> _TASK BRIEF_: What lines of the listing include the string "False"? Show them all.

> _INFORMATION_:
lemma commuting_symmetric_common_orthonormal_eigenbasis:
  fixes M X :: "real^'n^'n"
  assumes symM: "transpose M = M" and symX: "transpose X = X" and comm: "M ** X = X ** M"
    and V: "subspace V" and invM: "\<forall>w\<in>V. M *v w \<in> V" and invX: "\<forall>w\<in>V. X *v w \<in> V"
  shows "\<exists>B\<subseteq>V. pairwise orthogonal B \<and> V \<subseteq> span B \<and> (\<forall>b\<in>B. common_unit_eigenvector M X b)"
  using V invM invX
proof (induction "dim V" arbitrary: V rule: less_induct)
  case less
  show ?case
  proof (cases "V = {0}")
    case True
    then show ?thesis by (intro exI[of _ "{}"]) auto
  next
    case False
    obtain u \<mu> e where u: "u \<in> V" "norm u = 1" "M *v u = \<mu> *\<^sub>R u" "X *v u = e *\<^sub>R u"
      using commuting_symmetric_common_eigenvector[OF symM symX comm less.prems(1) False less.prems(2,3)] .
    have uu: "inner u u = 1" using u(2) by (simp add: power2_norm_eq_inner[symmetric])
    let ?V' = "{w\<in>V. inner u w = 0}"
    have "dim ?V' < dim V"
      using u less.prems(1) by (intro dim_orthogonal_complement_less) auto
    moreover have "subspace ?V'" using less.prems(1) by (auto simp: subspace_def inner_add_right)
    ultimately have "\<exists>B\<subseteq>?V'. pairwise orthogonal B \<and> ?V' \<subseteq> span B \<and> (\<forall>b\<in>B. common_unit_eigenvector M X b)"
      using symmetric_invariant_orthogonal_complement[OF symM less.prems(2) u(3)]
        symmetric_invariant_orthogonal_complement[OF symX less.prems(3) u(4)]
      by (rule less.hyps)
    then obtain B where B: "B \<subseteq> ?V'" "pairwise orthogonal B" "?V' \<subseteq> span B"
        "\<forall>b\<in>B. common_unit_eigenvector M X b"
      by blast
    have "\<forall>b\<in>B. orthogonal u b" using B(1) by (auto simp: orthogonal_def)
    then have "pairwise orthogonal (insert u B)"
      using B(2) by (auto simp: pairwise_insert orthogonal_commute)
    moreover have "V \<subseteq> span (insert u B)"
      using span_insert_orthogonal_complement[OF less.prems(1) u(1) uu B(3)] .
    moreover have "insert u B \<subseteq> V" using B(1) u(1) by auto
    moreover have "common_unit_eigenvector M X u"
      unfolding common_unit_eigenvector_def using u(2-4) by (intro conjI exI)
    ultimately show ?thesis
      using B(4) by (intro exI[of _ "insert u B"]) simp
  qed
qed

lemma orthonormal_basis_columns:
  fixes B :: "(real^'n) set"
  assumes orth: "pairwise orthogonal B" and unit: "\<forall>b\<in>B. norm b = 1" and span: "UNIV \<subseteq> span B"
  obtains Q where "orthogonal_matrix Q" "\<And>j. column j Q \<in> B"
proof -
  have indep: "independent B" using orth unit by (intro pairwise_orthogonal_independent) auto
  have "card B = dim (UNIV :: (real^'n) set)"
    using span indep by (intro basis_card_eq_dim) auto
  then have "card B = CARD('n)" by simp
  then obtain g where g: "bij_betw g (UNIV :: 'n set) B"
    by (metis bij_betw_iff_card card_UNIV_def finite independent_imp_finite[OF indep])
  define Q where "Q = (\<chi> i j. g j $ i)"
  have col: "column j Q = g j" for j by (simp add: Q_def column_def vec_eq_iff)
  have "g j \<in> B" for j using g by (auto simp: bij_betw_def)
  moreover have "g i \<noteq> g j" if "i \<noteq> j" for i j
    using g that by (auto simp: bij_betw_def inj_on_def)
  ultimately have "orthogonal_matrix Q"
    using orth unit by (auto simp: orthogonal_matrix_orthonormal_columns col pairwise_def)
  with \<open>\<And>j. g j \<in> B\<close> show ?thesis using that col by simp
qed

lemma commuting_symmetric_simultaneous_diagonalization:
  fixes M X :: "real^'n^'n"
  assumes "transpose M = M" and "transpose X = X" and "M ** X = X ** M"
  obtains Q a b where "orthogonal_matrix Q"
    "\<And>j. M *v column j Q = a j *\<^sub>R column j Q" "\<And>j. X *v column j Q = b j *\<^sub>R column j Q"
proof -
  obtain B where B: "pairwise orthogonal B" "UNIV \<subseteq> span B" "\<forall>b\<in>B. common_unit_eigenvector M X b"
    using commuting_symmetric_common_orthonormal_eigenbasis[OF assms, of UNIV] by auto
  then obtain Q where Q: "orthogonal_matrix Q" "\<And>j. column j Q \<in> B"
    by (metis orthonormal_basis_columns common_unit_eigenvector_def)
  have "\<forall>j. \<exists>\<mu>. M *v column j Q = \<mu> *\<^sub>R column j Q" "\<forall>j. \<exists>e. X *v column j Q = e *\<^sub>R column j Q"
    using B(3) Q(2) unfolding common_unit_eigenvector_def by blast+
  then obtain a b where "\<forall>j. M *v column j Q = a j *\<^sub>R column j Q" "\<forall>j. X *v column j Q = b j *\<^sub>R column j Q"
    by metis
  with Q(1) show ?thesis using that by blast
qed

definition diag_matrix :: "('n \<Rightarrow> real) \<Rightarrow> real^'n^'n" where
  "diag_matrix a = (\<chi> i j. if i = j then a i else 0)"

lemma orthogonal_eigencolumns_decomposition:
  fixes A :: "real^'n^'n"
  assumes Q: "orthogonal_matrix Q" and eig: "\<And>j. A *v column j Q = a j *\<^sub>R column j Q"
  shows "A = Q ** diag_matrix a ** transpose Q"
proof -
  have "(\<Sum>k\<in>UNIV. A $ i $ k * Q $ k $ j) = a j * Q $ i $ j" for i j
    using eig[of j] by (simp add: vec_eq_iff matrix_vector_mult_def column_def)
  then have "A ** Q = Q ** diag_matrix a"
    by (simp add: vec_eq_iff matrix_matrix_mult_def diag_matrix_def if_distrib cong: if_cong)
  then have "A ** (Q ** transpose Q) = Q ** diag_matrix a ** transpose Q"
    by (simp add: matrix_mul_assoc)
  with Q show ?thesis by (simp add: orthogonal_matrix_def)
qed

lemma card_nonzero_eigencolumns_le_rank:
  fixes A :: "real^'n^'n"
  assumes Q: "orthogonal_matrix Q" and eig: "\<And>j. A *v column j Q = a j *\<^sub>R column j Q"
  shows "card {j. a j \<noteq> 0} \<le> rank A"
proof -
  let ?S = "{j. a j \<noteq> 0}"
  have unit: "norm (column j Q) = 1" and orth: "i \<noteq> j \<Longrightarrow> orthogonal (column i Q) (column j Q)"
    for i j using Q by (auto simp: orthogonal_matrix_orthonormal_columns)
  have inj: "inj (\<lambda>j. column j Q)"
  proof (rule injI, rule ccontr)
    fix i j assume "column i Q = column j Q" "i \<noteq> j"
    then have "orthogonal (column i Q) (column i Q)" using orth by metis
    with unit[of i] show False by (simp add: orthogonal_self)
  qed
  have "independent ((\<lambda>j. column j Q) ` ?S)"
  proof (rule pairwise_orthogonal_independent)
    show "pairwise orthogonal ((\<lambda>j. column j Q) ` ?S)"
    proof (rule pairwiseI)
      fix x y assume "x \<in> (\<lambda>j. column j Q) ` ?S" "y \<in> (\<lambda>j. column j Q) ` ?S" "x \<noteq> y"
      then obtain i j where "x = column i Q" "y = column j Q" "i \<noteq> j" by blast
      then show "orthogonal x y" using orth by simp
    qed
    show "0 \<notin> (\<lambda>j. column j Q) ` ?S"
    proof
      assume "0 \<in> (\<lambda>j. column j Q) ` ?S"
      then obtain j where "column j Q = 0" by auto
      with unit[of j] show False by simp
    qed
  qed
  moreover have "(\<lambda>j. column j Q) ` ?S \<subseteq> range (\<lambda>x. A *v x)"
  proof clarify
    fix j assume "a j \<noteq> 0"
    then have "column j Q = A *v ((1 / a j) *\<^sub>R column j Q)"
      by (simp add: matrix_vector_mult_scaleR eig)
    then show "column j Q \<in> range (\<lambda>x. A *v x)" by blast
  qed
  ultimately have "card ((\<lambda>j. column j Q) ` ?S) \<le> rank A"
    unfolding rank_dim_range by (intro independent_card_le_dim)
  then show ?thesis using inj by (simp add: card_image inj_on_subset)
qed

> _COMPLETED TASK_:
    case False
      using commuting_symmetric_common_eigenvector[OF symM symX comm less.prems(1) False less.prems(2,3)] .
    with unit[of i] show False by (simp add: orthogonal_self)
      with unit[of j] show False by simp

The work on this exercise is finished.